In my current workflow, I am generating a Random Sample using the Random% Sample Tool with a Deterministic Output. I plan to place a RecordID tool immediately after the Input Data tool. My goal is to sort the data by Record ID before generating the Random Sample to ensure that the order of the data before the Sample Tool is consistent each time. Previously, the workflow didn’t sort the data, which led to varying sample outputs depending on which team member processed the workflow. By adding a Sort tool based on Record ID before sampling, I hope to achieve consistent results. However, if the order of the input data is not guaranteed, the Record ID may not serve its intended purpose.
Thank you for your insights!
Hi Bailey,
Unfortunately i do not know about AMP and the input tool. I only know there are issues with e.g. CSV files when using AMP.
To address your issue:
Would you not just sort the data before adding the recordID? Then you would overcome the issue of wether the data is in the same order from the input tool :)
@BaileyCallander
I am also not the expert on AMP engine but tried to check with the help.

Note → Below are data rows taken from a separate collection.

theorem proposition5p12:
  fixes T S0 Sig0 A0 Sl Sh TC :: real
    and \<alpha> \<beta> \<gamma> \<delta> :: coef
    and C :: fun3 and V :: fun5 and w :: fun5
    and U :: "real \<Rightarrow> real"
    and Psi :: vec4
    and Pset :: "path measure set"
    and zetaP :: "path measure \<Rightarrow> real \<Rightarrow> path \<Rightarrow> vec4"
    and nul nuh sigl sigh etal etah xih KV Kw :: real
  assumes T_pos: "0 < T" and S0_pos: "0 < S0"
    and Sig_bounds: "0 < Sl" "Sl < Sig0" "Sig0 < Sh"
    and Psi_pos: "0 < fst Psi" "0 < fst (snd Psi)" "0 < fst (snd (snd Psi))" "0 < snd (snd (snd Psi))"
    \<comment> \<open>models: probability measures on (Omega, F), with characteristics zetaP\<close>
    and models: "\<forall>P\<in>Pset. prob_space P \<and> space P = Omega T S0 Sig0 A0
                   \<and> sets P = path_events T (Omega T S0 Sig0 A0)"
    and P00_pos: "\<forall>P\<in>Pset. AE \<omega> in P. \<forall>t\<in>{0..T}. 0 < S_of \<omega> t \<and> 0 < Sig_of \<omega> t"
    and P00_drift: "\<forall>P\<in>Pset. AE \<omega> in P. AE t in lborel. t \<in> {0..T} \<longrightarrow>
                      0 \<le> snd (snd (snd (zetaP P t \<omega>)))
                      \<and> bC C t (S_of \<omega> t) (Sig_of \<omega> t) (zetaP P t \<omega>) = 0"
    \<comment> \<open>Assumption (A)(b)\<close>
    and const_bounds: "nul < 0" "0 < nuh" "0 < sigl" "sigl < Sl" "Sh < sigh" "etal < 0" "0 < etah" "0 < xih"
    and Ab_bounds: "\<forall>P\<in>Pset. AE \<omega> in P. AE t in lborel. t \<in> {0..T} \<longrightarrow>
         (case zetaP P t \<omega> of (\<nu>, \<sigma>, \<eta>, \<xi>) \<Rightarrow>
            nul \<le> \<nu> \<and> \<nu> \<le> nuh \<and> sigl \<le> \<sigma> \<and> \<sigma> \<le> sigh \<and> etal \<le> \<eta> \<and> \<eta> \<le> etah
            \<and> 0 \<le> \<xi> \<and> \<xi> \<le> xih)
         \<and> Sl \<le> Sig_of \<omega> t \<and> Sig_of \<omega> t \<le> Sh"
    and reference_model: "\<exists>P\<in>Pset. AE \<omega> in P. AE t in lborel. t \<in> {0..T} \<longrightarrow>
                            zetaP P t \<omega> = zeta0 (Sig_of \<omega> t)"
    and candidate_family: "\<exists>psi0 Ppsi K0. 0 < psi0 \<and> psi0 < 1 \<and> Lp 4 T Pset K0 \<and>
         (\<forall>psi\<in>{0<..<psi0}. Ppsi psi \<in> Pset \<and>
            (AE \<omega> in Ppsi psi. AE t in lborel. t \<in> {0..T} \<longrightarrow>
               norm (zetaP (Ppsi psi) t \<omega> -
                 (case X \<omega> t of (S, A, M, Sg) \<Rightarrow> zeta_psi Psi C V \<beta> \<gamma> Sl Sh psi t S A M Sg))
               \<le> K0 t (X \<omega> t) * psi\<^sup>2))"
    \<comment> \<open>Assumption (A)(c)\<close>
    and TC: "T \<le> TC"
    and C_smooth: "C122 C {(t,S,Sg). 0 < t \<and> t < TC \<and> 0 < S \<and> 0 < Sg}"
    and C_cont: "cont3 C (closure {(t,S,Sg). 0 < t \<and> t < TC \<and> 0 < S \<and> 0 < Sg})"
    and C_pde: "\<forall>t S Sg. 0 < t \<and> t < TC \<and> 0 < S \<and> Sl \<le> Sg \<and> Sg \<le> Sh \<longrightarrow>
                   ct C t S Sg + Sg\<^sup>2 * S\<^sup>2 * cS (cS C) t S Sg / 2 = 0"
    and C_vega: "\<exists>KC. Lp 2 T Pset KC \<and>
         (\<forall>(t,S,A,M,Sg)\<in>DD T Sl Sh. cSig C t S Sg \<noteq> 0 \<and>
            \<bar>cSig (cSig C) t S Sg\<bar> \<le> KC t (S,A,M,Sg) *
               (\<bar>cSig C t S Sg\<bar> + \<bar>S\<^sup>2 * cS (cS C) t S Sg\<bar> + \<bar>S * cSig (cS C) t S Sg\<bar>))"
    \<comment> \<open>Assumption (A)(d)\<close>
    and V_smooth: "C12212 V (D0 T)" and V_cont: "cont5 V (closure (D0 T))"
    and V_pde: "\<forall>(t,S,A,M,Sg)\<in>DD T Sl Sh.
         pt V t S A M Sg + (\<alpha> t S A M + \<beta> t S A M * Sg\<^sup>2 / 2) * pA V t S A M Sg
         + Sg\<^sup>2 * S\<^sup>2 * Gam V \<gamma> t S A M Sg / 2 = 0"
    and V_bdry: "\<forall>(t,S,A,M,Sg)\<in>DD T Sl Sh. M \<le> S \<longrightarrow>
         \<delta> t S A M * pA V t S A M Sg + pM V t S A M Sg = 0"
    and V_bounds: "\<forall>(t,S,A,M,Sg)\<in>DD T Sl Sh.
         \<bar>pSig V t S A M Sg\<bar> \<le> KV \<and>
         \<bar>\<beta> t S A M * pA V t S A M Sg + S\<^sup>2 * Gam V \<gamma> t S A M Sg\<bar> \<le> KV \<and>
         \<bar>S * dDelta_dSig V \<gamma> t S A M Sg\<bar> \<le> KV \<and>
         \<bar>pSig (pSig V) t S A M Sg\<bar> \<le> KV"
    \<comment> \<open>Assumption (A)(e)\<close>
    and w_smooth: "C12212 w (D0 T)" and w_cont: "cont5 w (closure (D0 T))"
    and w_pde: "\<forall>(t,S,A,M,Sg)\<in>DD T Sl Sh.
         pt w t S A M Sg + (\<alpha> t S A M + \<beta> t S A M * Sg\<^sup>2 / 2) * pA w t S A M Sg
         + Sg\<^sup>2 * S\<^sup>2 * Gam w \<gamma> t S A M Sg / 2 + gtilde Psi C V \<beta> \<gamma> t S A M Sg / 2 = 0"
    and w_bdry: "\<forall>(t,S,A,M,Sg)\<in>DD T Sl Sh. M \<le> S \<longrightarrow>
         \<delta> t S A M * pA w t S A M Sg + pM w t S A M Sg = 0"
    and w_term: "\<forall>S A M Sg. 0 < S \<and> 0 < M \<and> Sl \<le> Sg \<and> Sg \<le> Sh \<longrightarrow> w T S A M Sg = 0"
    and w_bounds: "\<forall>(t,S,A,M,Sg)\<in>DD T Sl Sh. 0 \<le> w t S A M Sg \<and> w t S A M Sg \<le> Kw"
    and w_L4: "Lp 4 T Pset (\<lambda>t (S,A,M,Sg). pSig w t S A M Sg)"
              "Lp 4 T Pset (\<lambda>t (S,A,M,Sg). S * Delta w \<gamma> t S A M Sg)"
              "Lp 4 T Pset (\<lambda>t (S,A,M,Sg). \<beta> t S A M * pA w t S A M Sg + S\<^sup>2 * Gam w \<gamma> t S A M Sg)"
              "Lp 4 T Pset (\<lambda>t (S,A,M,Sg). S * dDelta_dSig w \<gamma> t S A M Sg)"
              "Lp 4 T Pset (\<lambda>t (S,A,M,Sg). pSig (pSig w) t S A M Sg)"
    \<comment> \<open>Assumption (A)(f)\<close>
    and U_C3: "\<forall>k<3. \<forall>y. ((deriv ^^ k) U) differentiable (at y)"
              "continuous_on UNIV ((deriv ^^ 3) U)"
    and U_incr: "\<forall>y. deriv U y > 0" and U_conc: "\<forall>y. deriv (deriv U) y < 0"
    and U_dara: "\<forall>x y. x \<le> y \<longrightarrow>
                    - deriv (deriv U) y / deriv U y \<le> - deriv (deriv U) x / deriv U x"
  shows "\<exists>K4. (\<forall>t x. 0 \<le> K4 t x) \<and> Lp 2 T Pset K4 \<and>
     (\<forall>t S A M Sg y \<theta> \<phi> \<nu> \<sigma> \<eta> \<xi> psi.
        (t,S,A,M,Sg) \<in> DD T Sl Sh \<and>
        nul \<le> \<nu> \<and> \<nu> \<le> nuh \<and> sigl \<le> \<sigma> \<and> \<sigma> \<le> sigh \<and> etal \<le> \<eta> \<and> \<eta> \<le> etah
        \<and> 0 \<le> \<xi> \<and> \<xi> \<le> xih \<and> 0 < psi \<longrightarrow>
        H4 U V C \<gamma> w psi t S A M Sg y (\<theta>, \<phi>) (\<nu>, \<sigma>, \<eta>, \<xi>)
          \<ge> deriv (deriv U) y * K4 t (S,A,M,Sg) * psi\<^sup>2)"
proof -
  define F :: "real \<Rightarrow> real \<times> real \<times> real \<times> real \<Rightarrow> real"
    where "F = (\<lambda>t (S, A, M, Sg). S * Delta w \<gamma> t S A M Sg)"
  define G :: "real \<Rightarrow> real \<times> real \<times> real \<times> real \<Rightarrow> real"
    where "G = (\<lambda>t (S, A, M, Sg). pSig w t S A M Sg)"
  define K4 where "K4 = (\<lambda>t x. sigh\<^sup>2 * (F t x)\<^sup>2 + (etal\<^sup>2 + etah\<^sup>2 + xih) * (G t x)\<^sup>2)"
  have "Lp 2 T Pset K4"
    unfolding K4_def F_def G_def using models P00_pos w_L4(1,2) T_pos const_bounds
    by (intro Lp_sum_of_squares[of T Pset S0 Sig0 A0]) auto
  have U'''_nonneg: "0 \<le> deriv (deriv (deriv U)) y" for y
    using U_C3(1)[rule_format, of 1 y] U_C3(1)[rule_format, of 2 y] U_incr U_dara
    by (intro deriv3_nonneg_if_antimono_ARA) (auto simp: numeral_2_eq_2 antimono_def)
  show ?thesis
  proof (intro exI[of _ K4] conjI allI impI)
    show "0 \<le> K4 t x" for t x unfolding K4_def using const_bounds by simp
    show "Lp 2 T Pset K4" by fact
    fix t S A M Sg y \<theta> \<phi> \<nu> \<sigma> \<eta> \<xi> psi :: real
    assume H: "(t, S, A, M, Sg) \<in> DD T Sl Sh \<and> nul \<le> \<nu> \<and> \<nu> \<le> nuh \<and> sigl \<le> \<sigma> \<and> \<sigma> \<le> sigh
      \<and> etal \<le> \<eta> \<and> \<eta> \<le> etah \<and> 0 \<le> \<xi> \<and> \<xi> \<le> xih \<and> 0 < psi"
    have "qf \<eta> \<xi> (\<sigma> * (S * Delta w \<gamma> t S A M Sg), pSig w t S A M Sg)
        (\<sigma> * (S * Delta w \<gamma> t S A M Sg), pSig w t S A M Sg) \<le> 2 * K4 t (S, A, M, Sg)"
      unfolding K4_def F_def G_def prod.case using H const_bounds by (intro qf_self_le) auto
    then show "deriv (deriv U) y * K4 t (S, A, M, Sg) * psi\<^sup>2
        \<le> H4 U V C \<gamma> w psi t S A M Sg y (\<theta>, \<phi>) (\<nu>, \<sigma>, \<eta>, \<xi>)"
      using U_conc U'''_nonneg w_bounds H by (intro H4_ge_of_qf_le) auto
  qed
qed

With the AMP Engine architecture below, there is a chance that the Input data is disordered when read in. but I can not be sure.
Hi @Mathias_Nielsen ,
Thank you for your response. From a workflow perspective, that approach would definitely work. However, we've received feedback from our quality group indicating that sorting on a specific field could introduce sample bias.
My other idea is to split it into two workflows: first, I would load the data, add a RecordID, and run that workflow without using the AMP engine. Then, I would use the output from that workflow as input for the main workflow, which would utilize AMP. While this isn't ideal having 2 workflows, it will likely be faster than not using the AMP engine at all and reduces the risk of generating a different sample until I can confirm with Alteryx if it truly does differ.
I appreciate the response. I agree it seems like there is a definite chance that it could be disordered but I haven't been able to confirm myself also.